— Лихорадка ушла, можете отправляться домой, — сказал он, удовлетворившись увиденным. — Ваши родные будут невероятно рады.
— Их предубеждение против этого места...
— Вполне понятно, — прервал меня Кондрат Тимофеевич. — Но Их сиятельство князь поступил совершенно правильно, когда привез вас ко мне. В таких нужно действовать без промедления.
— Я знаю, — поспешно сказала я, потому что мне показалось, что доктор приписал меня к числу тех, кто осуждал Георгия. — Я знаю, что Их сиятельство поступил правильно.
Кондрат Тимофеевич, задержав на мне взгляд, тонко улыбнулся. Раскланялся и ушел, а оставшаяся в комнате сестра милосердия помогла мне умыться, насколько позволяли условия, и одеться.
Затем я, наконец, подошла к зеркалу. Белоснежная повязка выделялась на лице ярким пятном, привлекая внимание. Нужно будет попробовать укладывать волосы на эту сторону, чтобы прятать ее. Пока я разглядывала себя, то прислушивалась к негромким голосам, доносящимся из соседней комнаты. Я не могла различить слов, но по интонациям поняла, что отец и Георгий ругались.
Вздохнув, я толкнула дверь и вышла к ним. Пока мы прощались с Кондратом Тимофеевичем и спускались вниз, чувство, что что-то не так, меня не отпускало. Напротив, оно только усиливалось. Я всегда думала, что оба князя друг другу нравились. Георгий был близок с Императрицей: до того, как случилось похищение и все последующее. Отец не напрасно ведь сосватал ему свою единственную дочь — прежнюю Варвару. Это был выгодный союз, уж об этом мне прожужжали уши все.
Но что-то изменилось.
Внизу нас поджидали экипажи: один невероятно торжественный, с вензелями в форме буквы «Р». Догадаться, кому он принадлежал, было несложно.
— Варвара, — старший князь Разумовский взял меня под локоть и увлек за собой, — проедься со мной и тетушкой.

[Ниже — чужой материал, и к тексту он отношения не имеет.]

(* Let $n$ be a positive integer and assume hypothesis $(\star)$ for $\mathbb{R}^n$: for every family $\mathcal{F}$ of closed Lebesgue-null subsets of $\mathbb{R}^n$ with $|\mathcal{F}|<\mathfrak{c}$ and every Lebesgue-null set $N\subset\mathbb{R}^n$, one has $N\cup\bigcup\mathcal{F}\neq\mathbb{R}^n$. (In particular this holds under the Continuum Hypothesis.) Then there exists a set $A\subset\mathbb{R}^n$ that is not Lebesgue null such that for every continuous function $f:\mathbb{R}^n\to\mathbb{R}$ the set $f(A)$ contains no non-degenerate interval.
   Context: $\mathfrak{c}$ denotes the cardinality of the continuum. *)

theory Defs
  imports "HOL-Analysis.Analysis" "HOL-Library.Equipollence"
begin

end

theory Submission
  imports Defs
begin

(* Index all constraints by
   the reals, well-ordered in order type of the continuum: the stage alpha carries a null
   set N alpha (a cofinal enumeration of all null sets, obtained from null G-delta hulls),
   and a test (f alpha, p alpha, q alpha) consisting of a continuous function and a
   non-degenerate interval (all such tests, which are determined by countable data).  By
   transfinite recursion choose points a alpha and values y alpha in (p alpha, q alpha)
   so that f alpha never takes the value y alpha on the sequence a.  Hypothesis (star)
   provides the points; the values come from cardinality, since a continuous function has
   only countably many non-null fibres.  Since a alpha avoids N alpha, the range of a lies in
   no null set, and f alpha misses the value y alpha on it. *)

unbundle cardinal_syntax
definition star_hypothesis :: "'a::euclidean_space itself \<Rightarrow> bool" where
  "star_hypothesis _ \<longleftrightarrow> (\<forall>(F :: 'a set set) (N :: 'a set).
     (\<forall>S\<in>F. closed S \<and> S \<in> null_sets lebesgue) \<longrightarrow> F \<prec> (UNIV :: real set) \<longrightarrow>
     N \<in> null_sets lebesgue \<longrightarrow> N \<union> \<Union>F \<noteq> UNIV)"

lemma lesspoll_iff_ordLess: "A \<prec> B \<longleftrightarrow> |A| <o |B|"
  unfolding lesspoll_def lepoll_def eqpoll_iff_card_of_ordIso
  by (metis card_of_ordLeq not_ordLess_ordIso ordLeq_iff_ordLess_or_ordIso)

lemma lesspoll_Un_infinite:
  assumes "infinite C" "A \<prec> C" "B \<prec> C"
  shows "A \<union> B \<prec> C"
  using assms card_of_Un_ordLess_infinite unfolding lesspoll_iff_ordLess by blast

lemma countable_lesspoll_reals:
  assumes "countable C"
  shows "C \<prec> (UNIV :: real set)"
proof -
  have "C \<lesssim> (UNIV :: nat set)"
    using assms countable_def lepoll_def by blast
  moreover have "(UNIV :: nat set) \<prec> (UNIV :: real set)"
    unfolding lesspoll_def
    by (meson countable_eqpoll countableI_type eqpoll_sym uncountable_UNIV_real
        infinite_UNIV_char_0 infinite_le_lepoll)
  ultimately show ?thesis by (rule lesspoll_trans1)
qed

(* Every non-degenerate open interval has the size of the continuum, so no small set
   covers it. *)
lemma interval_not_covered:
  fixes p q :: real
  assumes "p < q" and "C \<prec> (UNIV :: real set)"
  obtains y where "p < y" "y < q" "y \<notin> C"
proof -
  have "\<not> {p<..<q} \<subseteq> C"
  proof
    assume "{p<..<q} \<subseteq> C"
    then have "(UNIV :: real set) \<lesssim> C"
      using open_interval_eqpoll_reals[of p q] assms(1)
      by (meson eqpoll_sym lepoll_trans1 subset_imp_lepoll)
    then show False using assms(2) by (meson lesspoll_trans2 lesspoll_not_refl)
  qed
  then show thesis using that by (meson greaterThanLessThan_iff subsetI)
qed

(* If a type has at most continuum many elements, so do its sequences: encode a
   sequence of sets of naturals as a single set of naturals. *)
lemma nat_seq_lepoll_reals:
  assumes "(UNIV :: 'b set) \<lesssim> (UNIV :: real set)"
  shows "(UNIV :: (nat \<Rightarrow> 'b) set) \<lesssim> (UNIV :: real set)"
proof -
  have "(UNIV :: 'b set) \<lesssim> (UNIV :: nat set set)"
    using assms eqpoll_sym[OF nat_sets_eqpoll_reals] by (rule lepoll_trans2)
  then obtain g :: "'b \<Rightarrow> nat set" where g: "inj g"
    unfolding lepoll_def by auto
  define code where "code F = prod_encode ` (SIGMA k:UNIV. g (F k))" for F :: "nat \<Rightarrow> 'b"
  have "inj code"
  proof (rule injI)
    fix F G assume "code F = code G"
    then have "(SIGMA k:UNIV. g (F k)) = (SIGMA k:UNIV. g (G k))"
      unfolding code_def by (simp add: inj_image_eq_iff[OF inj_prod_encode])
    then have "g (F k) = g (G k)" for k by blast
    then show "F = G" using g by (simp add: inj_eq fun_eq_iff)
  qed
  then have "(UNIV :: (nat \<Rightarrow> 'b) set) \<lesssim> (UNIV :: nat set set)"
    unfolding lepoll_def by blast
  then show ?thesis
    using nat_sets_eqpoll_reals by (rule lepoll_trans2)
qed

lemma lepoll_enumeration:
  fixes A :: "'a set" and B :: "'b set"
  assumes "A \<lesssim> B" and "A \<noteq> {}"
  obtains e :: "'b \<Rightarrow> 'a" where "e ` B = A"
proof -
  obtain g :: "'b \<Rightarrow> 'a" where g: "A \<subseteq> g ` B"
    using assms(1) unfolding lepoll_iff by (elim exE)
  obtain a where a: "a \<in> A" using assms(2) by blast
  define e where "e b = (if g b \<in> A then g b else a)" for b
  have "e ` B \<subseteq> A" using a by (auto simp: e_def)
  moreover have "A \<subseteq> e ` B"
  proof
    fix x assume "x \<in> A"
    then obtain b where "b \<in> B" "x = g b" using g by blast
    then show "x \<in> e ` B" using \<open>x \<in> A\<close> by (simp add: e_def)
  qed
  ultimately show thesis using that by blast
qed

(* A Borel function on Euclidean space has only countably many fibres of positive
   measure: on each ball its push-forward measure is finite and thus has only
   countably many atoms. *)
lemma countable_nonnull_fibres:
  fixes f :: "'a::euclidean_space \<Rightarrow> real"
  assumes f: "f \<in> borel_measurable borel"
  shows "countable {y. f -` {y} \<notin> null_sets lebesgue}"
proof -
  define B where "B k = restrict_space lborel (cball (0::'a) (real k))" for k :: nat
  define M where "M k = distr (B k) borel f" for k
  have fk: "f \<in> borel_measurable (B k)" for k
    unfolding B_def using f by (intro measurable_restrict_space1) simp
  have "finite_measure (B k)" for k
    unfolding B_def using emeasure_lborel_cball_finite[of 0 "real k"]
    by (intro finite_measureI) (simp add: emeasure_restrict_space less_top)
  then have fin: "finite_measure (M k)" for k
    unfolding M_def using fk by (rule finite_measure.finite_measure_distr)
  have "countable (\<Union>k. {y. measure (M k) {y} \<noteq> 0})"
    using fin by (intro countable_UN[OF countableI_type] finite_measure.countable_support)
  moreover have "{y. f -` {y} \<notin> null_sets lebesgue} \<subseteq> (\<Union>k. {y. measure (M k) {y} \<noteq> 0})"
  proof (rule subsetI, rule ccontr)
    fix y assume y: "y \<in> {y. f -` {y} \<notin> null_sets lebesgue}"
      and "y \<notin> (\<Union>k. {y. measure (M k) {y} \<noteq> 0})"
    then have "{y} \<in> null_sets (M k)" for k
      using finite_measure.emeasure_eq_measure[OF fin] by (auto simp: M_def)
    then have "f -` {y} \<inter> cball 0 (real k) \<in> null_sets lborel" for k
      using null_sets_distr_iff[OF fk] null_sets_restrict_space[of "cball 0 (real k)" lborel]
      by (auto simp: M_def B_def Int_commute)
    then have "(\<Union>k. f -` {y} \<inter> cball 0 (real k)) \<in> null_sets lborel"
      by (rule null_sets_UN)
    moreover have "(\<Union>k. f -` {y} \<inter> cball 0 (real k)) = f -` {y}"
      by (auto simp: dist_norm real_arch_simple)
    ultimately have "f -` {y} \<in> null_sets lborel" by simp
    with y show False by (auto dest: null_sets_completionI)
  qed
  ultimately show ?thesis by (rule countable_subset[rotated])
qed

lemma value_with_null_fibre:
  fixes f :: "'a::euclidean_space \<Rightarrow> real"
  assumes "f \<in> borel_measurable borel" and "p < q" and "Y \<prec> (UNIV :: real set)"
  obtains y where "p < y" "y < q" "y \<notin> Y" "f -` {y} \<in> null_sets lebesgue"
proof -
  have "{y. f -` {y} \<notin> null_sets lebesgue} \<prec> (UNIV :: real set)"
    using countable_nonnull_fibres[OF assms(1)] by (rule countable_lesspoll_reals)
  then have "Y \<union> {y. f -` {y} \<notin> null_sets lebesgue} \<prec> (UNIV :: real set)"
    using assms(3) infinite_UNIV_char_0 by (intro lesspoll_Un_infinite)
  then obtain y where "p < y" "y < q" "y \<notin> Y \<union> {y. f -` {y} \<notin> null_sets lebesgue}"
    by (rule interval_not_covered[OF assms(2)])
  then show thesis using that by blast
qed

(* There are at most continuum many G-delta sets: each is determined by a sequence of
   sets of indices into a countable base. *)
lemma gdelta_lepoll_reals:
  "{C :: 'a::euclidean_space set. gdelta C} \<lesssim> (UNIV :: real set)" (is "?D \<lesssim> _")
proof -
  obtain B :: "nat \<Rightarrow> 'a set" where B: "\<And>S. open S \<Longrightarrow> \<exists>k. S = \<Union>{B n |n. n \<in> k}"
    by (rule univ_second_countable_sequence) blast
  define G where "G p = (\<Inter>k. \<Union>{B n |n. n \<in> p k})" for p :: "nat \<Rightarrow> nat set"
  have "?D \<subseteq> range G"
  proof
    fix C assume "C \<in> ?D"
    then obtain U :: "nat \<Rightarrow> 'a set" where U: "\<And>n. open (U n)" "C = \<Inter>(range U)"
      by (auto elim!: gdelta.cases)
    have "\<forall>n. \<exists>k. U n = \<Union>{B m |m. m \<in> k}" using B U(1) by blast
    then obtain p where "\<forall>n. U n = \<Union>{B m |m. m \<in> p n}" by (rule choice[THEN exE])
    then have "C = G p" unfolding G_def U(2) by simp
    then show "C \<in> range G" by blast
  qed
  then have "?D \<lesssim> (UNIV :: (nat \<Rightarrow> nat set) set)"
    by (rule subset_image_lepoll)
  also have "\<dots> \<lesssim> (UNIV :: real set)"
    using nat_sets_eqpoll_reals by (intro nat_seq_lepoll_reals eqpoll_imp_lepoll)
  finally show ?thesis .
qed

Я нахмурилась и тут же пожалела об этом, почувствовав под повязкой острую боль. Георгий стоял в нескольких шагах от нас с каменным лицом.
Да что происходит?!
— Отец, я поеду со своим мужем, — я уперлась ногами в брусчатку и попыталась высвободить руку, но князь не желал отпускать.
Силы наши были не равны. Я после лихорадки и недели, проведенной в постели, едва могла ходить. А отец был крепким мужчиной, и, кажется, проведенное в плену время не сильно его истощило.
— Что вы делаете? — Георгий, услышав наше препирательство, вырос за моей спиной.
Князь Разумовский окинул его убийственным взглядом, но руку разжал. Он ничего не успел сказать: вмешалась подошедшая к нам Кира Кирилловна.
— Варвара, Георгий Александрович, тогда, как условились с вами, ждем вас завтра вечером на ужин. Отдыхайте нынче. Идем, Алексей.
Фыркнув, отец развернулся на каблуках и зашагал к экипажу, даже не обернувшись. Сузив глаза, я посмотрела на мужа. Что бы между ними ни случилось, я желала знать.
— Идемте, Варвара Алексеевна, — устало выдохнул он и протянул мне локоть.
Едва мы оказались в экипаже, я посмотрела на него.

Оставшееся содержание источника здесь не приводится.